In BWR-4/5 plants, as the unncessary loads such as the uninterruptible AC power systems are shut down or disconnected within the first hour (see 3.4. (4) below), RCIC etc. operation and reactor status monitoring can be sustained for about 8 hours (in BWR-4 plants, each of the RCIC and HPCI can be operated for 4 hours). However, in some of the plants it is necessary to temporarily put the uninterruptible AC power systems in service (albeit with unnecessary loads being disconnected) in order to perform reactor status monitoring (water level, pressure).
However, in BWR-4/5 plants, in the case where unnecessary loads are not disconnected, the duration during which power can be supplied is, to put it briefly, about 2 to 4 hours.
c) Water source capacity
In BWR-3 plants, the IC can provide cooling for 6 hours with the isolation condenser as water source, but as it can be replenished via the fire extinguishing line from the filtrate water tank, its cooling capacity can be prolonged for 10 more hours.

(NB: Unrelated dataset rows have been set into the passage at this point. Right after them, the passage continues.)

(* Let $C:\mathbb{R}^n\to\mathbb{R}$ be convex, increasing and $\mathbf 1$-invariant with $C(\vec 0)>0$. Then for every $\vec q\in\mathbb{R}^n_{>0}$ there exists a unique $\alpha>0$ with $C(-\vec q/\alpha)=0$; hence $\varphi:\mathbb{R}^n_{>0}\to\mathbb{R}$, $\varphi(\vec q)=$ this $\alpha$, is well-defined.
   Context: $\mathbf 1=(1,\dots,1)$. $C$ is $\mathbf 1$-invariant if $C(\vec q+\alpha\mathbf 1)=C(\vec q)+\alpha$ for all $\vec q,\alpha$; increasing if $C(\vec q)>C(\vec q')$ whenever $\vec q\succeq\vec q'$ coordinatewise and $\vec q\neq\vec q'$. $\mathbb{R}^n_{>0}$ is the set of vectors with all coordinates strictly positive. *)

theory Defs
  imports "HOL-Analysis.Analysis"
begin

definition ones :: "real ^ 'n" where
  "ones = (\<chi> i. 1)"

definition one_invariant :: "(real ^ 'n \<Rightarrow> real) \<Rightarrow> bool" where
  "one_invariant C \<longleftrightarrow> (\<forall>q \<alpha>. C (q + \<alpha> *\<^sub>R ones) = C q + \<alpha>)"

definition increasing_fn :: "(real ^ 'n \<Rightarrow> real) \<Rightarrow> bool" where
  "increasing_fn C \<longleftrightarrow> (\<forall>q q'. (\<forall>i. q $ i \<ge> q' $ i) \<and> q \<noteq> q' \<longrightarrow> C q > C q')"

end

theory Submission
  imports Defs
begin

text \<open>Along the ray \<open>t \<mapsto> -t q\<close> with \<open>q > 0\<close>, an increasing \<open>C\<close> is strictly decreasing in \<open>t\<close>.
  It starts at \<open>C 0 > 0\<close>, and since \<open>-t q \<le> -t (min q) \<one>\<close>, \<open>\<one>\<close>-invariance gives
  \<open>C (-t q) \<le> C 0 - t min q\<close>, which is \<open>\<le> 0\<close> for large \<open>t\<close>. Convexity makes \<open>C\<close> continuous,
  so by the intermediate value theorem the ray crosses the zero set of \<open>C\<close> exactly once, at some
  \<open>t > 0\<close>; then \<open>\<alpha> = 1/t\<close>.\<close>

lemma increasing_fn_imp_mono:
  assumes "increasing_fn C" and "\<forall>i. x $ i \<le> y $ i"
  shows "C x \<le> C y"
  using assms unfolding increasing_fn_def by (cases "x = y") (auto intro: less_imp_le)

lemma increasing_fn_diff_scaleR_less:
  assumes "increasing_fn C" and "\<forall>i. q $ i > 0" and "s < t"
  shows "C (x - t *\<^sub>R q) < C (x - s *\<^sub>R q)"
proof -
  have "\<forall>i. (x - t *\<^sub>R q) $ i \<le> (x - s *\<^sub>R q) $ i"
    using assms(2,3) by (auto intro: mult_right_mono less_imp_le)
  moreover have "(x - t *\<^sub>R q) $ i \<noteq> (x - s *\<^sub>R q) $ i" for i
    using assms(2)[rule_format, of i] assms(3) by simp
  ultimately show ?thesis
    using assms(1) unfolding increasing_fn_def by (metis order.refl)
qed

lemma increasing_fn_diff_scaleR_inj:
  assumes "increasing_fn C" and "\<forall>i. q $ i > 0"
    and "C (x - s *\<^sub>R q) = C (x - t *\<^sub>R q)"
  shows "s = t"
  using increasing_fn_diff_scaleR_less[OF assms(1,2)] assms(3)
  by (metis less_irrefl linorder_neqE)

lemma one_invariant_diff:
  assumes "one_invariant C"
  shows "C (x - \<alpha> *\<^sub>R ones) = C x - \<alpha>"
  using assms unfolding one_invariant_def by (metis diff_conv_add_uminus scaleR_minus_left)

lemma one_invariant_ray_le:
  assumes "increasing_fn C" and "one_invariant C"
    and "\<forall>i. m \<le> q $ i" and "t \<ge> 0"
  shows "C (- (t *\<^sub>R q)) \<le> C 0 - t * m"
proof -
  have "C (- (t *\<^sub>R q)) \<le> C (0 - (t * m) *\<^sub>R ones)"
    using assms(3,4) by (intro increasing_fn_imp_mono[OF assms(1)])
      (auto simp: ones_def intro: mult_left_mono)
  then show ?thesis
    using one_invariant_diff[OF assms(2), of 0 "t * m"] by simp
qed

lemma ex1_zero_on_ray:
  fixes C :: "real ^ 'n \<Rightarrow> real"
  assumes "continuous_on UNIV C" and "increasing_fn C" and "one_invariant C"
    and "C 0 > 0" and q_pos: "\<forall>i. q $ i > 0"
  shows "\<exists>!t. t > 0 \<and> C (- (t *\<^sub>R q)) = 0"
proof -
  define m where "m = Min (range (\<lambda>i. q $ i))"
  have m_le: "\<forall>i. m \<le> q $ i"
    unfolding m_def by (auto intro: Min_le)
  have m_pos: "m > 0"
    unfolding m_def using q_pos by (subst Min_gr_iff) auto
  define t0 where "t0 = C 0 / m"
  have t0_pos: "t0 > 0"
    unfolding t0_def using m_pos assms(4) by simp
  have "C (- (t0 *\<^sub>R q)) \<le> C 0 - t0 * m"
    using one_invariant_ray_le[OF assms(2,3) m_le] t0_pos by simp
  also have "\<dots> = 0"
    unfolding t0_def using m_pos by simp
  finally have below_zero: "C (- (t0 *\<^sub>R q)) \<le> 0" .
  have "continuous_on {0..t0} (\<lambda>t. C (- (t *\<^sub>R q)))"
    by (rule continuous_on_compose2[OF assms(1)]) (auto intro!: continuous_intros)
  then obtain t where t: "0 \<le> t" "C (- (t *\<^sub>R q)) = 0"
    using IVT2'[of "\<lambda>t. C (- (t *\<^sub>R q))" t0 0 0] below_zero assms(4) t0_pos by auto
  with assms(4) have "t > 0"
    by (cases "t = 0") auto
  moreover have "s = t" if "C (- (s *\<^sub>R q)) = 0" for s
    using increasing_fn_diff_scaleR_inj[OF assms(2) q_pos, of 0 s t] that t(2) by simp
  ultimately show ?thesis
    using t(2) by blast
qed

theorem lemma4p3:
  fixes C :: "real ^ 'n \<Rightarrow> real"
  assumes "convex_on UNIV C"
    and "increasing_fn C"
    and "one_invariant C"
    and "C 0 > 0"
  shows "\<forall>q :: real ^ 'n. (\<forall>i. q $ i > 0) \<longrightarrow>
           (\<exists>!\<alpha>::real. \<alpha> > 0 \<and> C (- ((1 / \<alpha>) *\<^sub>R q)) = 0)"
proof (intro allI impI)
  fix q :: "real ^ 'n"
  assume "\<forall>i. q $ i > 0"
  moreover have "continuous_on UNIV C"
    using convex_on_continuous[OF open_UNIV assms(1)] .
  ultimately obtain t where t: "t > 0" "C (- (t *\<^sub>R q)) = 0"
    and unique: "\<And>s. s > 0 \<Longrightarrow> C (- (s *\<^sub>R q)) = 0 \<Longrightarrow> s = t"
    using ex1_zero_on_ray[OF _ assms(2-4)] by metis
  show "\<exists>!\<alpha>::real. \<alpha> > 0 \<and> C (- ((1 / \<alpha>) *\<^sub>R q)) = 0"
  proof (rule ex1I[of _ "1 / t"])
    show "1 / t > 0 \<and> C (- ((1 / (1 / t)) *\<^sub>R q)) = 0"
      using t by simp
    fix \<alpha> :: real
    assume "\<alpha> > 0 \<and> C (- ((1 / \<alpha>) *\<^sub>R q)) = 0"
    then have "1 / \<alpha> = t"
      using unique by simp
    then show "\<alpha> = 1 / t"
      by auto
  qed
qed

end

In BWR-4/5 plants, as it can be supplemented using the CST (condensate storage tank) as water source, the RCIC etc. has a feed water capacity of about 8 hours. This is calculated using the CST's minimum capacity, and generally in normal operation a larger capacity is available.
d) RCIC room temperature (or HPCI room temperature)
In BWR 4-5 plants, an analysis with a model considering the heat released by the pump and the pipes and the walls' and floors' calorific capacity, resulted in a soft rise of the RCIC (or HPCI) room temperature after the shut down of the ventilation and air conditioning system, and the environment temperature of 100°C used in hardware design is reached after 8 hours.
However, in BWR-3 plants, as they are equipped with an IC, room temperature rise is not a restriction factor.
e) Central control room temperature
In BWR-3/4/5 plants, an analysis with a model considering the vital power source, the DC power supply, etc, as thermal loads, and the panels' main bodies', the walls' and the floors' calorific capacity resulted in a soft rise of the central control room temperature after the shut down of the ventilation and air conditioning system, and the environmental condition maximum temperature of control panels of 40 °C is reached after 8 hours (however it is reached after 10 hours in BWR-3 plants).
ii) Maintaining containment soundness
a) Drywell atmosphere temperature
An analysis with a model considering the heat from the reactor pressure vessel, the heat released by the drywell walls, the heat absorbed by construction materials and frame resulted in the drywell atmosphere temperature remaining lower than design temperature after an 8 hour long SBO.
b) Suppression pool temperature
It takes 8 hours or more for the suppression chamber's design temperature (Mark-I: 138°C, Mark-II: 104°C) to be reached by the suppression pool water temperature.
However, in BWR-3 plants, as the IC is operated, the reactor pressure declines, and there is no causal factor for the suppression pool temperature to rise. While the design temperature of the IC shell, which is the IC's water source, is 121°C, the water in the IC shell takes the heat from the steam in the tubes and boils, then the evaporated steam is released into the atmosphere via the vent pipe, so as long as water is present, the design temperature is not exceeded. The IC has sufficient water source capacity to operate for about 10 hours.